19:34:50 (7116): [debug]: 0 fp, 0 fp/s, -1 scommand line: projects/einstein.phys.uwm.edu/hsgamma_FGRP4_1.02_windows_intelx86__FGRP4-Beta.exe --inputfile ../../projects/einstein.phys.uwm.edu/fgrp4_test.dat --outputfile results.cand.out --alpha 0.961677206 --delta 0.724528894 --skyRadius 4.363323e-04 --ldiBins 30 --f0start 0 --f0Band 16 --firstSkyPoint 0 --numSkyPoints 3 --f1dot -2.49e-10 --f1dotBand 1e-12 --df1dot 5.62738096e-15 --ephemdir ..\..\projects\einstein.phys.uwm.edu\JPLEPH --Tcoh 2097152.0 --toplist 5 --cohFollow 5 --numCells 1 --useWeights 1 --Srefinement 1 --CohSkyRef 1 --cohfullskybox 1 --mmfu 0.15 --reftime 55716 --debug 1
output files: 'results.cand.out' '../../projects/einstein.phys.uwm.edu/fgrp4_test_16.0_0_-2.48e-10_2_0' 'results.cand.out.cohfu' '../../projects/einstein.phys.uwm.edu/fgrp4_test_16.0_0_-2.48e-10_2_1'
19:34:50 (7116): [debug]: Flags: i386 SSE GNUC X86 GNUX86

-- signal handler called: signal 8

Win7-64, intel i7 8GB ram, BM 7.4.12

Edid: they seem to be still enabled

Bernd Machenschalk
Bernd Machenschalk
Moderator
Administrator
Joined: 15 Oct 04
Posts: 4273
Credit: 245182851
RAC: 13930

Looks like the app version

Looks like the app version 1.02 caused a division-by-zero error pretty early.

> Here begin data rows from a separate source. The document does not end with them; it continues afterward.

lemma S_sub_ext_cat_swap:
  fixes M :: "('r, 'm) module"
  assumes "noetherian_ring R" and a: "ideal a R" and S1: "serre R S1"
    and "iso_closed R S2" and S2_zero: "contains_zero R S2"
    and S12_ext: "closed_ext R (ext_cat R S1 S2)" and "closed_quot R (S_sub R a (ext_cat R S2 S1))"
    and M_in: "S_sub R a (ext_cat R S2 S1) M"
  shows "S_sub R a (ext_cat R S1 S2) M"
  unfolding S_sub_def cond_C_def
proof (intro conjI impI)
  show M: "module R M" using M_in by (simp add: S_sub_def)
  interpret module R M by fact
  assume "torsion R a M = carrier M \<and> ext_cat R S1 S2 (annih_sub R a M)"
  then have tors: "torsion R a M = carrier M" and annih: "ext_cat R S1 S2 (annih_sub R a M)" by auto
  have a_carr: "a \<subseteq> carrier R" using ideal.Icarr[OF a] by blast
  obtain K where K: "submodule K R M" and K_C: "K \<subseteq> mod_colon M {\<zero>\<^bsub>M\<^esub>} a"
    and S1K: "S1 (M\<lparr>carrier := K\<rparr>)" and S2K: "S2 (subquot M K (mod_colon M {\<zero>\<^bsub>M\<^esub>} a))"
    using annih_sub_ext_catE[OF M a_carr annih serre_iso_closed[OF S1] \<open>iso_closed R S2\<close>] .
  let ?M' = "subquot M K (carrier M)"
  have "S_sub R a (ext_cat R S2 S1) ?M'"
    using closed_quotD[OF \<open>closed_quot R (S_sub R a (ext_cat R S2 S1))\<close> M
        subquot_module[OF K carrier_is_submodule submoduleE(1)[OF K]] coset_rep_mod_hom[OF M K] _ M_in]
    by (simp add: subquot_simps)
  moreover have "ext_cat R S2 S1 (annih_sub R a ?M')"
    using annih_sub_subquot[OF M K a_carr]
      ext_cat_subquot_mod_colon[where S = S1 and T = S2, OF assms(1) a M S1 K K_C S1K S2K] by simp
  ultimately have "ext_cat R S2 S1 ?M'"
    using torsion_subquot[OF M a K tors] by (simp add: S_sub_def cond_C_def)
  then have "ext_cat R S1 S2 ?M'"
    using ext_cat_swap[OF S12_ext serre_contains_zero[OF S1 S1K] S2_zero] by blast
  then have "ext_cat R (ext_cat R S1 S2) (ext_cat R S1 S2) M"
    using ext_cat_subquotI[where S = "ext_cat R S1 S2" and T = "ext_cat R S1 S2", OF M K
        ext_cat_leftI[where S = S1, OF S2_zero submodule.submodule_is_module[OF K M] S1K]] by blast
  then show "ext_cat R S1 S2 M" using S12_ext by (simp add: closed_ext_def)
qed

theorem proposition3p3:
  fixes R :: "'r ring" and a :: "'r set"
    and S1 S2 :: "('r, 'm) modclass"
  assumes "cring R" and "noetherian_ring R" and "ideal a R"
    and "serre R S1"
    and "subcat R S2" and "iso_closed R S2" and "contains_zero R S2"
    and "closed_ext R (ext_cat R S1 S2)"
    and "closed_quot R (S_sub R a (ext_cat R S2 S1))"
  shows "(\<forall>M. S_sub R a (ext_cat R S2 S1) M \<longrightarrow> S_sub R a (ext_cat R S1 S2) M)
     \<and> (satisfies_C R a (ext_cat R S2 S1) \<longrightarrow> satisfies_C R a (ext_cat R S1 S2))"
proof -
  have swap: "S_sub R a (ext_cat R S2 S1) M \<Longrightarrow> S_sub R a (ext_cat R S1 S2) M" for M
    using S_sub_ext_cat_swap assms(2-4,6-9) by blast
  then show ?thesis by (auto simp: satisfies_C_def S_sub_def)
qed

end
lemma less_pi:
  assumes origin: "\<And>t. 0 < t \<Longrightarrow> ereal t < T \<Longrightarrow> G 0 t = 0"
    and outer: "\<And>t. 0 < t \<Longrightarrow> ereal t < T \<Longrightarrow> G 1 t \<le> pi"
    and initial: "\<And>r. 0 < r \<Longrightarrow> r < 1 \<Longrightarrow> G r 0 \<le> pi"
    and rt: "0 < r" "r < 1" "0 < t" "ereal t < T"
  shows "G r t < pi"
proof -
  obtain \<alpha> where \<alpha>: "0 < \<alpha>" "\<alpha> < r" and inner: "\<And>s. 0 \<le> s \<Longrightarrow> s \<le> t \<Longrightarrow> G \<alpha> s \<le> pi / 2"
    using small_near_origin[OF origin rt(3,4), of "pi / 2" r] rt(1) by auto
  have "G 1 0 \<le> pi"
    by (rule continuous_on_le_at_left_end[OF continuous_on_time_slice[OF rt(4)] rt(3)])
       (auto simp: outer ereal_less_if_le[OF rt(4)])
  show ?thesis
  proof (rule less_pi_away_from_origin[OF \<alpha>(1) rt(3,4) pi_half_gt_zero _ _ _ \<alpha>(2) rt(2)])
    show "G \<rho> 0 \<le> pi" if "\<alpha> \<le> \<rho>" "\<rho> \<le> 1" for \<rho>
      using initial[of \<rho>] \<open>G 1 0 \<le> pi\<close> \<alpha> that by (cases "\<rho> = 1") auto
    show "G \<alpha> s \<le> pi - pi / 2" if "0 \<le> s" "s \<le> t" for s
      using inner[OF that] by simp
    show "G 1 s \<le> pi" if "0 \<le> s" "s \<le> t" for s
      using outer[of s] \<open>G 1 0 \<le> pi\<close> ereal_less_if_le[OF rt(4)] that by (cases "s = 0") auto
  qed
qed

lemma abs_less_pi:
  assumes "\<And>t. 0 < t \<Longrightarrow> ereal t < T \<Longrightarrow> G 0 t = 0"
    and "\<And>t. 0 < t \<Longrightarrow> ereal t < T \<Longrightarrow> \<bar>G 1 t\<bar> \<le> pi"
    and "\<And>r. 0 < r \<Longrightarrow> r < 1 \<Longrightarrow> \<bar>G r 0\<bar> \<le> pi"
    and "0 < r" "r < 1" "0 < t" "ereal t < T"
  shows "\<bar>G r t\<bar> < pi"
proof -
  interpret neg: equivariant_flow T "\<lambda>r t. - G r t" "\<lambda>r t. - Gr r t" "\<lambda>r t. - Grr r t" "\<lambda>r t. - Gt r t"
    by (rule uminus)
  have "G r t < pi"
    by (rule less_pi) (use assms in \<open>auto simp: abs_le_iff\<close>)
  moreover have "- G r t < pi"
    by (rule neg.less_pi) (use assms in \<open>auto simp: abs_le_iff\<close>)
  ultimately show ?thesis
    by simp
qed

end

lemma equivariant_flow_if_smooth_solution:
  fixes T :: ereal and \<phi> :: "real \<Rightarrow> real \<Rightarrow> real"
  assumes smooth: "smooth_on2 ({0..1} \<times> {t. 0 \<le> t \<and> ereal t < T}) \<phi>"
    and pde: "\<And>r t. 0 < r \<Longrightarrow> r < 1 \<Longrightarrow> 0 < t \<Longrightarrow> ereal t < T \<Longrightarrow>
       deriv (\<lambda>s. \<phi> r s) t + r * deriv (\<lambda>\<rho>. \<phi> \<rho> t) r
       = deriv (\<lambda>\<rho>. deriv (\<lambda>\<sigma>. \<phi> \<sigma> t) \<rho>) r + deriv (\<lambda>\<rho>. \<phi> \<rho> t) r / r
         - sin (2 * \<phi> r t) / (2 * r\<^sup>2)"
  obtains \<phi>r \<phi>rr \<phi>t where "equivariant_flow T \<phi> \<phi>r \<phi>rr \<phi>t"
proof -
  define D where "D = {0..1::real} \<times> {t. 0 \<le> t \<and> ereal t < T}"
  obtain \<phi>r \<phi>rr \<phi>t where continuous: "continuous_on D (\<lambda>p. \<phi> (fst p) (snd p))"
    and \<phi>r: "\<And>r t. (r, t) \<in> interior D \<Longrightarrow> ((\<lambda>x. \<phi> x t) has_real_derivative \<phi>r r t) (at r)"
    and \<phi>rr: "\<And>r t. (r, t) \<in> interior D \<Longrightarrow> ((\<lambda>x. \<phi>r x t) has_real_derivative \<phi>rr r t) (at r)"
    and \<phi>t: "\<And>r t. (r, t) \<in> interior D \<Longrightarrow> ((\<lambda>s. \<phi> r s) has_real_derivative \<phi>t r t) (at t)"
    using smooth_on2_partial_derivatives[OF smooth[folded D_def]] by blast
  have in_interior: "(r, t) \<in> interior D" if "0 < r" "r < 1" "0 < t" "ereal t < T" for r t
  proof -
    have "open ({0<..<1::real} \<times> {t. 0 < t \<and> ereal t < T})"
      unfolding Collect_conj_eq by (intro open_Times open_Int open_Collect_less continuous_intros)
    then have "{0<..<1} \<times> {t. 0 < t \<and> ereal t < T} \<subseteq> interior D"
      by (intro interior_maximal) (auto simp: D_def)
    then show ?thesis
      using that by auto
  qed
  have "equivariant_flow T \<phi> \<phi>r \<phi>rr \<phi>t"
  proof
    show "continuous_on ({0..1} \<times> {t. 0 \<le> t \<and> ereal t < T}) (\<lambda>p. \<phi> (fst p) (snd p))"
      using continuous by (simp add: D_def)
    fix r t :: real assume rt: "0 < r" "r < 1" "0 < t" "ereal t < T"
    show "((\<lambda>x. \<phi> x t) has_real_derivative \<phi>r r t) (at r)"
      by (rule \<phi>r[OF in_interior[OF rt]])
    show "((\<lambda>x. \<phi>r x t) has_real_derivative \<phi>rr r t) (at r)"
      by (rule \<phi>rr[OF in_interior[OF rt]])
    show "((\<lambda>s. \<phi> r s) has_real_derivative \<phi>t r t) (at t)"
      by (rule \<phi>t[OF in_interior[OF rt]])
    have "deriv (\<lambda>\<rho>. deriv (\<lambda>\<sigma>. \<phi> \<sigma> t) \<rho>) r = \<phi>rr r t"
      by (rule deriv_deriv_eqI[of "{0<..<1}" r "\<lambda>\<sigma>. \<phi> \<sigma> t" "\<lambda>\<rho>. \<phi>r \<rho> t"])
         (use rt in \<open>auto intro: \<phi>r \<phi>rr in_interior\<close>)
    then show "\<phi>t r t + r * \<phi>r r t = \<phi>rr r t + \<phi>r r t / r - sin (2 * \<phi> r t) / (2 * r^2)"
      using pde[OF rt] DERIV_imp_deriv[OF \<phi>r[OF in_interior[OF rt]]]
        DERIV_imp_deriv[OF \<phi>t[OF in_interior[OF rt]]]
      by simp
  qed
  then show ?thesis
    by (rule that)
qed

Deprecated for now, re-issuing 1.01, I'll fix this problem tomorrow.

BM

BM

Alex
Alex
Joined: 1 Mar 05
Posts: 451
Credit: 500394558
RAC: 38624

The 1.03 version passed the 8

The 1.03 version passed the 8 sec marker ...

A strange behaviour: after reaching ~25% whithin 6 min or so the progress bar makes a major step backwards to 2.4%

Gary Roberts
Gary Roberts
Moderator
Joined: 9 Feb 05
Posts: 5845
Credit: 109874772673
RAC: 30513841

Quite understandable if you

Quite understandable if you think of the behaviour of FGRP3. You also need to remember that the time estimates for FGRP4 are way too short.

Cheers,
Gary.

Richard Haselgrove
Richard Haselgrove
Joined: 10 Dec 05
Posts: 2140
Credit: 2768122104
RAC: 990846

RE: The 1.03 version passed

Quote:

The 1.03 version passed the 8 sec marker ...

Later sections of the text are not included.